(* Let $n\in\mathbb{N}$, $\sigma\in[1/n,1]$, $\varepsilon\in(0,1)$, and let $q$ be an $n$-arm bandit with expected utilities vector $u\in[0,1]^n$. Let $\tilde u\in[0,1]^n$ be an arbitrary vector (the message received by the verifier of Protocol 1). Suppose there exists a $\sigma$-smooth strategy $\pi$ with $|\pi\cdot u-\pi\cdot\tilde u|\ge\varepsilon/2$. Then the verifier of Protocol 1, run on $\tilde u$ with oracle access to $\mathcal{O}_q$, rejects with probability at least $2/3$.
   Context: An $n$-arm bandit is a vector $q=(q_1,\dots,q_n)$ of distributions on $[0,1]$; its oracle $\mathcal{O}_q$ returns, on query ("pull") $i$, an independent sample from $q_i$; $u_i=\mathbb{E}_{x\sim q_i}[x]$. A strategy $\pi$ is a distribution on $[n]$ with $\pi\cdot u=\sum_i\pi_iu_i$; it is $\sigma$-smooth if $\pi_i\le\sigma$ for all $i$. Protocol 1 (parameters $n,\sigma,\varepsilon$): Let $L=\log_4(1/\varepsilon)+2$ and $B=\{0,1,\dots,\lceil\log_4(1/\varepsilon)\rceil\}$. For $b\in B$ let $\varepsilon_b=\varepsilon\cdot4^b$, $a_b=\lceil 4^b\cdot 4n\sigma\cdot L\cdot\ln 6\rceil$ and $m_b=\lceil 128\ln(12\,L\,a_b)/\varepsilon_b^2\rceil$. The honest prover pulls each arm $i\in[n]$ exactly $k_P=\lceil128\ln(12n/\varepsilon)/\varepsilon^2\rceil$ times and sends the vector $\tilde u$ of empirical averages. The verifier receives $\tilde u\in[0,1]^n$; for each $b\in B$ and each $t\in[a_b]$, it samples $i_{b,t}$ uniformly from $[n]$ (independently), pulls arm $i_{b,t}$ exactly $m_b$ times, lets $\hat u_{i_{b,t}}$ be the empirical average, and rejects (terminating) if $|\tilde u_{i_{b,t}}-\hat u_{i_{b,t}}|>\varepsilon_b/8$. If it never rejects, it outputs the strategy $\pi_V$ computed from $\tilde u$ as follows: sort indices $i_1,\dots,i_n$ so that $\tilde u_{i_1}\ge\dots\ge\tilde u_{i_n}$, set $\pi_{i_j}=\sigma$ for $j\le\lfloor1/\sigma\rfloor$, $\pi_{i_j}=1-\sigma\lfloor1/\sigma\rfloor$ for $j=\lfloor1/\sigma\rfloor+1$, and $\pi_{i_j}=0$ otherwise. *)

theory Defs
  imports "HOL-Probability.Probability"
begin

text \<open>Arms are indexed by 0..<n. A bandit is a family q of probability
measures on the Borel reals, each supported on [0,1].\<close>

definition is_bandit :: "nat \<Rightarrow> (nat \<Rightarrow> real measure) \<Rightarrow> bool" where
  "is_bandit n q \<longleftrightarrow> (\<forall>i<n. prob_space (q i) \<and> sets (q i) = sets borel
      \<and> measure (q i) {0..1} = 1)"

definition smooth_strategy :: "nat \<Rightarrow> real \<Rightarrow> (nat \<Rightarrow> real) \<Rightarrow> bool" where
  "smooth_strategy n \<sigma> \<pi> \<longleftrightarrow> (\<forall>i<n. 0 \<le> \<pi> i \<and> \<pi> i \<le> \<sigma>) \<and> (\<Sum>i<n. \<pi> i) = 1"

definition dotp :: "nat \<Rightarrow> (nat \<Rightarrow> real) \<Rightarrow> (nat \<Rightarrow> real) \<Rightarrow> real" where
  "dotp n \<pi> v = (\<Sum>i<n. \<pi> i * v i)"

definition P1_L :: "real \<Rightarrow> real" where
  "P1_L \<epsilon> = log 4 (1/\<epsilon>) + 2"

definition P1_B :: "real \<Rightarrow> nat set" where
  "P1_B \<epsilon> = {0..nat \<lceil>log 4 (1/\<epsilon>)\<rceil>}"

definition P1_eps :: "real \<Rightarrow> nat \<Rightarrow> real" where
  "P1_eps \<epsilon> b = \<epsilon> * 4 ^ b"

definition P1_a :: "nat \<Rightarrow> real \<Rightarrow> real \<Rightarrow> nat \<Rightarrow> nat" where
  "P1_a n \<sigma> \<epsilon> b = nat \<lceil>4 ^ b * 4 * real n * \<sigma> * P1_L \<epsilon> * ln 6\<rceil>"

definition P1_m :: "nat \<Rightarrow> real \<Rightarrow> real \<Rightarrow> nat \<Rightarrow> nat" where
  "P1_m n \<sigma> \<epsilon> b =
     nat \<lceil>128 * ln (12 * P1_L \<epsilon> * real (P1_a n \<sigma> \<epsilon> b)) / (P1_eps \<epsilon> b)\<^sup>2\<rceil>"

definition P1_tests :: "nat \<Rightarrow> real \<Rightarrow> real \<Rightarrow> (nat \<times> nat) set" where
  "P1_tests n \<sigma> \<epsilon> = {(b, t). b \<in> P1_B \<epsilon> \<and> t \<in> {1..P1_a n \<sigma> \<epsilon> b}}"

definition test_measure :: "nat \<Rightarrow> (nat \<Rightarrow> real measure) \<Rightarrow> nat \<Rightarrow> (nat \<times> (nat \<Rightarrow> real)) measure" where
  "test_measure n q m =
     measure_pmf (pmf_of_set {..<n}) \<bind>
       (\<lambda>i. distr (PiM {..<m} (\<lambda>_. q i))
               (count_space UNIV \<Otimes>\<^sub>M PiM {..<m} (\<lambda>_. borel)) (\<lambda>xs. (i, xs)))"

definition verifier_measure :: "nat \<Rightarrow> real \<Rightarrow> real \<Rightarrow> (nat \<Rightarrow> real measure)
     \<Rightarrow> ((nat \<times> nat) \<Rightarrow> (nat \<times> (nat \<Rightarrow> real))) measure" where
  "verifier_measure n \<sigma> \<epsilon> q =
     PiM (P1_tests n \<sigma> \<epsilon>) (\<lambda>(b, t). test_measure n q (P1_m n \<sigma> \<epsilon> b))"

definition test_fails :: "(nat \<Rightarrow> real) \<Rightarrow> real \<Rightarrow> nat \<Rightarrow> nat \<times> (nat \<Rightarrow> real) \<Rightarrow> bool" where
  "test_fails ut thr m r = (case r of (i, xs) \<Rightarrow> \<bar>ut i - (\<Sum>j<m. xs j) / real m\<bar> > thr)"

- **Task**:
Send back exactly the lines of the listing above starting at the one with "measure (q i)" and ending at the one with "real) \<Rightarrow> (nat", inclusive, and no others.

- **Reply**:
      \<and> measure (q i) {0..1} = 1)"

definition smooth_strategy :: "nat \<Rightarrow> real \<Rightarrow> (nat \<Rightarrow> real) \<Rightarrow> bool" where
  "smooth_strategy n \<sigma> \<pi> \<longleftrightarrow> (\<forall>i<n. 0 \<le> \<pi> i \<and> \<pi> i \<le> \<sigma>) \<and> (\<Sum>i<n. \<pi> i) = 1"

definition dotp :: "nat \<Rightarrow> (nat \<Rightarrow> real) \<Rightarrow> (nat \<Rightarrow> real) \<Rightarrow> real" where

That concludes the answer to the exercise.